Suhail tidak sepakat jika pada surat itu tercantum ungkapan dengan nama Allah Yang Mahapengasih lagi Mahapenyayang dan Muhammad utusan Allah. Sebab, kaumnya tidak mempertuhan Allah dan tidak mengakui sosok Muhammad sebagai utusan Tuhan. Suhail mendesak Rasulullah menghapus dan mengganti keduanya dengan ungkapan lain yang lebih lumrah dan direkognisi oleh kaumnya.

Namun, Ali bin Abu Thalib selaku juru tulis enggan mengabulkan sepenuhnya permintaan Suhail. Sayidina Ali tetap bersikukuh menuliskan Muhammad utusan Allah sebagaimana dikte semula dari Rasulullah. Sayidina Ali pun kemudian ditegur Rasulullah agar menghapus dan menggantinya sesuai dengan apa yang diminta Suhail. Tetap Sayidina Ali merasa segan untuk menghapus kalimat agung tersebut. Sampai akhirnya Rasulullah sendiri yang menghapusnya lalu menyuruh Ali bin Abu Thalib menuliskan ulang dengan Muhammad putra Abdullah.

Begitulah Rasulullah tidak keberatan menghapus predikat agungnya sebagai Sang Utusan Tuhan demi tercapainya kesepakatan damai dengan kaum Quraisy Mekkah.

Al-Qur’an dan Pesan Perdamaian

Memang terdapat begitu banyak ayat Alquran yang menganjurkan umat Islam supaya bersikap sabar. Antara lain pada surah al-‘Ashr; “Demi masa, sesungguhnya manusia itu benar-benar berada dalam kerugian, kecuali orang-orang yang beriman dan mengerjakan amal saleh, serta nasihat menasihati supaya menaati kebenaran dan nasihat menasihati supaya menetapi kesabaran.

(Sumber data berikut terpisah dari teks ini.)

(* Let $\mu$ be a limit ordinal and let $\langle \mathcal B^\nu:\nu<\mu\rangle$ be a $\preceq$-increasing sequence of base-enumerations, $\mathcal B^\nu=\langle B^\nu_i:i<\xi^\nu\rangle$, generating topologies $\tau^\nu$ on sets $X^\nu$. Put $\xi^\mu=\sup_{\nu<\mu}\xi^\nu$ and, for $i<\xi^\mu$, $B^\mu_i=\bigcup\{B^\nu_i:\nu<\mu,\ i<\xi^\nu\}$. Then $\mathcal B^\mu=\langle B^\mu_i:i<\xi^\mu\rangle$ is a base-enumeration and $\mathcal B^\nu\preceq\mathcal B^\mu$ for each $\nu<\mu$. Moreover, if $\tau^\nu$ is Hausdorff for cofinally many $\nu<\mu$, then the topology $\tau^\mu$ generated by $\mathcal B^\mu$ is Hausdorff. Finally, if $\sigma<\mu$, $a\in X^\sigma$, $A\subseteq X^\sigma$ and $a\in\overline{A}^{\tau^\nu}$ for every $\nu$ with $\sigma<\nu<\mu$, then $a\in\overline{A}^{\tau^\mu}$.
   Context: A base-enumeration is a sequence $\langle B_i:i<\xi\rangle$, for some ordinal $\xi$, such that $\{B_i:i<\xi\}$ is a base consisting of clopen sets for a (not necessarily Hausdorff) topology $\tau$ on some set $X$ (namely $X=\bigcup_i B_i$). For base-enumerations $\mathcal B^0=\langle B^0_i:i<\xi^0\rangle$ on $X^0$ and $\mathcal B^1=\langle B^1_i:i<\xi^1\rangle$ on $X^1$, write $\mathcal B^0\preceq\mathcal B^1$ iff (1) $X^0\subseteq X^1$ and $\xi^0\le\xi^1$; (2) $B^0_i=B^1_i\cap X^0$ for $i<\xi^0$; (3) for $i,j<\xi^0$, $B^0_i\subseteq B^0_j$ iff $B^1_i\subseteq B^1_j$; (4) for $i,j<\xi^0$, $B^0_i\cap B^0_j=\emptyset$ iff $B^1_i\cap B^1_j=\emptyset$. *)

theory Defs
  imports "HOL-Analysis.Analysis"
begin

Berangkat dari aksentuasi kesabaran pada ayat di atas, umat Islam tidak dibenarkan memakai cara-cara kekerasan dalam menghadapi berbagai persoalan. Sebaliknya, kesabaranlah yang sepatutnya dikedepankan. Sebagaimana teladan kesabaran Rasulullah yang telah disinggung pada bagian sebelumnya.

Di samping bersabar, pada bagian lain Alquran disebutkan: “Dan (bagi) orang-orang yang menerima (mematuhi) seruan Tuhannya dan mendirikan salat, sedang urusan mereka (diputuskan) dengan musyawarah antara mereka,” (Surah al-Syura ayat 38). Ini menunjukkan bahwa musyawarah memiliki arti penting bagi manusia dalam menyelesaikan sengketa di antara mereka. Berarti Allah SWT lebih menghendaki penyelesaian berbagai persoalan diusahakan melalui jalur musyawarah.

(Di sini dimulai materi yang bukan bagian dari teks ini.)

lemma derangement_poly_le:
  fixes x :: real
  assumes l: "1 \<le> l" and x: "16 * real l powr (3/2) \<le> x"
  shows "derangement_poly x l \<le> exp (real l powr (3/4)) * real (dfact l) * x powr (real l / 2)"
proof -
  define t where "t = real l powr (1/4)"
  define y where "y = sqrt x"
  have t_pow: "t ^ n = real l powr (real n / 4)" for n
    unfolding t_def using l by (subst powr_power) auto
  have "1 \<le> t" unfolding t_def using l by (intro ge_one_powr_ge_zero) auto
  have "0 \<le> 16 * real l powr (3/2)" by simp
  then have "0 \<le> x" using x by linarith
  then have "x = y^2" "0 \<le> y" by (simp_all add: y_def)
  have "(4 * t^3)^2 = 16 * t^6" by (simp add: power2_eq_square power_add[symmetric])
  also have "t^6 = real l powr (3/2)" using t_pow[of 6] by simp
  finally have "(4 * t^3)^2 \<le> y^2" using x \<open>x = y^2\<close> by linarith
  then have "4 * t^3 \<le> y" using \<open>0 \<le> y\<close> by (rule power2_le_imp_le)
  have "t^4 = real l" using t_pow[of 4] by simp
  have "derangement_poly x l \<le> real (dfact l) * exp (1/t)^l * y^l"
    using derangement_poly_sq_le[OF \<open>1 \<le> t\<close> \<open>4 * t^3 \<le> y\<close>, of l] \<open>t^4 = real l\<close> \<open>x = y^2\<close>
    by simp
  moreover have "exp (1/t)^l = exp (real l powr (3/4))"
  proof -
    have "t^4 = t^3 * t" by (simp add: power3_eq_cube power4_eq_xxxx)
    then have "real l * (1/t) = t^3" using \<open>t^4 = real l\<close> \<open>1 \<le> t\<close> by (simp add: field_simps)
    then have "exp (1/t)^l = exp (t^3)" by (simp flip: exp_of_nat_mult)
    then show ?thesis using t_pow[of 3] by simp
  qed
  moreover have "y^l = x powr (real l / 2)"
  proof -
    have "1 \<le> t^3" using \<open>1 \<le> t\<close> by (simp add: one_le_power)
    then have "0 < y" using \<open>4 * t^3 \<le> y\<close> by linarith
    have "x powr (real l / 2) = (y powr 2) powr (real l / 2)" using \<open>x = y^2\<close> \<open>0 \<le> y\<close> by simp
    also have "\<dots> = y powr real l" by (simp add: powr_powr)
    also have "\<dots> = y^l" using \<open>0 < y\<close> by (rule powr_realpow)
    finally show ?thesis by simp
  qed
  ultimately show ?thesis by (simp add: mult_ac)
qed
lemma nwmc_lp_feasible_edgeD:
  assumes "nwmc_lp_feasible V E edge k col d y" "(a, b) \<in> red_edges E edge col" "i \<in> {1..k}"
  shows "y b i \<le> y a i + d b" "y a i \<le> y b i + d a"
  using assms unfolding nwmc_lp_feasible_def by fast+

lemma nwmc_lp_feasible_shared_vertex_ge_one:
  assumes F: "nwmc_lp_feasible V E edge k col d y"
    and "e \<in> E" "e' \<in> E" "v \<in> edge e" "v \<in> edge e'" "v \<in> V"
    and "col e \<in> {1..k}" "col e' \<in> {1..k}" "col e \<noteq> col e'"
  shows "1 \<le> d (ENode e) + d (ENode e')"
proof -
  let ?j = "col e'"
  have path: "(Term (col e), ENode e) \<in> red_edges E edge col" "(VNode v, ENode e) \<in> red_edges E edge col"
    "(VNode v, ENode e') \<in> red_edges E edge col" "(Term ?j, ENode e') \<in> red_edges E edge col"
    using assms by (auto simp: red_edges_def)
  \<comment> \<open>follow the path t_{col e}, v_e, v, v_{e'}, t_{col e'} in colour col e'\<close>
  have "1 \<le> y (Term (col e)) ?j"
    using F assms unfolding nwmc_lp_feasible_def by blast
  also have "\<dots> \<le> y (ENode e) ?j"
    using nwmc_lp_feasible_edgeD(2)[OF F path(1)] F assms unfolding nwmc_lp_feasible_def by simp
  also have "\<dots> \<le> y (VNode v) ?j + d (ENode e)"
    using nwmc_lp_feasible_edgeD(1)[OF F path(2)] assms by simp
  also have "\<dots> \<le> y (ENode e') ?j + d (ENode e)"
    using nwmc_lp_feasible_edgeD(2)[OF F path(3)] F assms unfolding nwmc_lp_feasible_def by simp
  also have "\<dots> \<le> y (Term ?j) ?j + d (ENode e') + d (ENode e)"
    using nwmc_lp_feasible_edgeD(1)[OF F path(4)] assms by simp
  also have "\<dots> = d (ENode e) + d (ENode e')"
    using F assms unfolding nwmc_lp_feasible_def by simp
  finally show ?thesis .
qed

lemma one_to_three: "{1..3::nat} = {1, 2, 3}"
  by auto
lemma det_nonzero_imp_invertible_mat:
  assumes A: "A \<in> carrier_mat n n" and d: "det A \<noteq> (0::'a::field)"
  shows "invertible_mat A"
proof -
  have "A \<in> Units (ring_mat TYPE('a) n ())" by (rule det_non_zero_imp_unit[OF A d])
  then obtain B where B: "B \<in> carrier_mat n n" "B * A = 1\<^sub>m n" "A * B = 1\<^sub>m n"
    unfolding Units_def ring_mat_def by auto
  show ?thesis unfolding invertible_mat_def inverts_mat_def
    using A B by (intro conjI exI[of _ B]) auto
qed

lemma prefix_independent_reindex:
  fixes \<phi> :: "nat \<Rightarrow> 'v \<Rightarrow> 'a::comm_ring_1" and a :: "nat \<Rightarrow> nat" and m :: nat
  assumes indep: "\<And>n (c :: nat \<Rightarrow> 'a). (\<forall>x. (\<Sum>i<n. c i * \<phi> i x) = 0) \<Longrightarrow> (\<forall>i<n. c i = 0)"
    and inj: "inj_on a {..<m}"
    and zero: "\<And>x. (\<Sum>j<m. K j * \<phi> (a j) x) = 0"
    and j: "j < m"
  shows "K j = 0"
proof -
  have "finite (a ` {..<m})" by simp
  then obtain N where N: "a ` {..<m} \<subseteq> {..<N}" using finite_nat_bounded by blast
  define c where "c i = (if i \<in> a ` {..<m} then K (the_inv_into {..<m} a i) else 0)" for i
  have "\<forall>x. (\<Sum>i<N. c i * \<phi> i x) = 0"
  proof
    fix x
    have "(\<Sum>i<N. c i * \<phi> i x) = (\<Sum>i\<in>a ` {..<m}. c i * \<phi> i x)"
      using N by (intro sum.mono_neutral_right) (auto simp: c_def)
    also have "\<dots> = (\<Sum>j<m. c (a j) * \<phi> (a j) x)"
      using sum.reindex[OF inj, of "\<lambda>i. c i * \<phi> i x"] by simp
    also have "\<dots> = (\<Sum>j<m. K j * \<phi> (a j) x)"
      using inj by (intro sum.cong) (auto simp: c_def the_inv_into_f_f)
    finally show "(\<Sum>i<N. c i * \<phi> i x) = 0" using zero by simp
  qed
  then have "c (a j) = 0" using indep N j by blast
  then show ?thesis using inj j by (simp add: c_def the_inv_into_f_f)
qed

context vector_space
begin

Implementasi ajaran musyawarah ini dalam konteks perdamaian dunia akan jauh lebih bermanfaat daripada penggunaan kekerasan yang begitu menyengsarakan. Dari itu, penyelesaian konflik dunia melalui jalur musyawarah perlu sekali didorong dan sama-sama kita perjuangkan.

Apalagi ajaran-ajaran non-kekerasan semacam musyawarah sebetulnya diperjuangkan pula dalam agama-agama di luar Islam. Misalnya, Mahatma Gandhi yang beragama Hindu dengan gerakan Satyagraha dalam memperjuangkan kemerdekaan India; atau seperti aktivisme Martin Luther King Jr, seorang pemuka agama Protestan, dalam memperjuangkan hak-hak sipil golongan kulit hitam Amerika Serikat.

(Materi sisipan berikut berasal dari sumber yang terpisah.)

lemma resolvent_functional_has_field_derivative:
  fixes J :: "'a::{real_inner,complete_space} \<Rightarrow> 'a"
  assumes cs: "complex_structure J" and P: "cbounded J J P" and l0: "l0 \<notin> cspectrum J P"
    and \<psi>: "bounded_linear \<psi>" "\<And>w. \<psi> (J w) = \<i> * \<psi> w"
  shows "((\<lambda>l. \<psi> (resolvent J P l w))
    has_field_derivative \<psi> (resolvent J P l0 (resolvent J P l0 w))) (at l0)"
proof -
  obtain K r where "K > 0" "r > 0" and K: "\<And>y. norm (resolvent J P l0 y) \<le> K * norm y"
    and near: "\<And>l. cmod (l - l0) < r \<Longrightarrow> l \<notin> cspectrum J P"
    and near_bound: "\<And>l y. cmod (l - l0) < r \<Longrightarrow> norm (resolvent J P l y) \<le> 2 * K * norm y"
    using resolvent_locally_bounded[OF cs P l0] by blast
  define v where "v = resolvent J P l0 w"
  have ev: "eventually (\<lambda>l. cmod (l - l0) < r \<and> l \<noteq> l0) (at l0)"
    unfolding eventually_at using \<open>r > 0\<close> by (auto simp: dist_norm intro!: exI[of _ r])
  have "norm (resolvent J P l v - resolvent J P l0 v) \<le> (2 * K * (K * norm v)) * cmod (l - l0)"
    if "cmod (l - l0) < r" for l
  proof -
    have "norm (resolvent J P l v - resolvent J P l0 v)
        = cmod (l - l0) * norm (resolvent J P l (resolvent J P l0 v))"
      by (simp add: resolvent_identity[OF near[OF that] l0] norm_cscale[OF cs])
    also have "\<dots> \<le> cmod (l - l0) * (2 * K * (K * norm v))"
      using near_bound[OF that, of "resolvent J P l0 v"] K[of v] \<open>K > 0\<close>
      by (intro mult_left_mono) (auto intro: order_trans)
    finally show ?thesis
      by (simp add: mult.commute)
  qed
  then have "eventually (\<lambda>l. norm (resolvent J P l v - resolvent J P l0 v)
      \<le> (2 * K * (K * norm v)) * cmod (l - l0)) (at l0)"
    using ev by (auto elim: eventually_mono)
  moreover have "((\<lambda>l. (2 * K * (K * norm v)) * cmod (l - l0)) \<longlongrightarrow> 0) (at l0)"
    by (intro tendsto_mult_right_zero tendsto_norm_zero LIM_zero tendsto_ident_at)
  ultimately have "((\<lambda>l. resolvent J P l v - resolvent J P l0 v) \<longlongrightarrow> 0) (at l0)"
    by (rule Lim_null_comparison)
  then have "((\<lambda>l. \<psi> (resolvent J P l v)) \<longlongrightarrow> \<psi> (resolvent J P l0 v)) (at l0)"
    by (rule bounded_linear.tendsto[OF \<psi>(1), OF LIM_zero_cancel])
  moreover have "(\<psi> (resolvent J P l w) - \<psi> (resolvent J P l0 w)) / (l - l0)
      = \<psi> (resolvent J P l v)" if "cmod (l - l0) < r \<and> l \<noteq> l0" for l
  proof -
    have "\<psi> (resolvent J P l w) - \<psi> (resolvent J P l0 w)
        = \<psi> (resolvent J P l w - resolvent J P l0 w)"
      using \<psi>(1) by (simp add: linear_diff bounded_linear.linear)
    also have "\<dots> = (l - l0) * \<psi> (resolvent J P l v)"
      unfolding resolvent_identity[OF near[OF conjunct1[OF that]] l0] v_def
      using that by (simp add: complex_linear_cscale[OF bounded_linear.linear[OF \<psi>(1)] \<psi>(2)])
    finally show ?thesis
      using that by simp
  qed
  ultimately show ?thesis
    unfolding has_field_derivative_iff v_def[symmetric]
    using ev by (auto elim!: Lim_transform_eventually eventually_mono)
qed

Selain itu, Alquran juga mengingatkan bahwa pada dasarnya setiap golongan memiliki kebanggaannya sendiri-sendiri (al-Mukminun ayat 53 dan al-Rum ayat 32). Dalam pada itu harus ada penghormatan terhadap setiap perbedaan dan keberagaman yang menjadi khazanah setiap golongan.

Seyogianya budaya sendiri kita junjung tinggi tanpa merendahkan budaya orang lain, serta menghindari sikap eksklusif  yang berpotensi mereduksi penghormatan kepada kelompok lain. Sejarah panjang manusia telah membuktikan eksklusifisme kelompok menjadi pangkal sengketa dan bencana manusia di berbagai belahan dunia.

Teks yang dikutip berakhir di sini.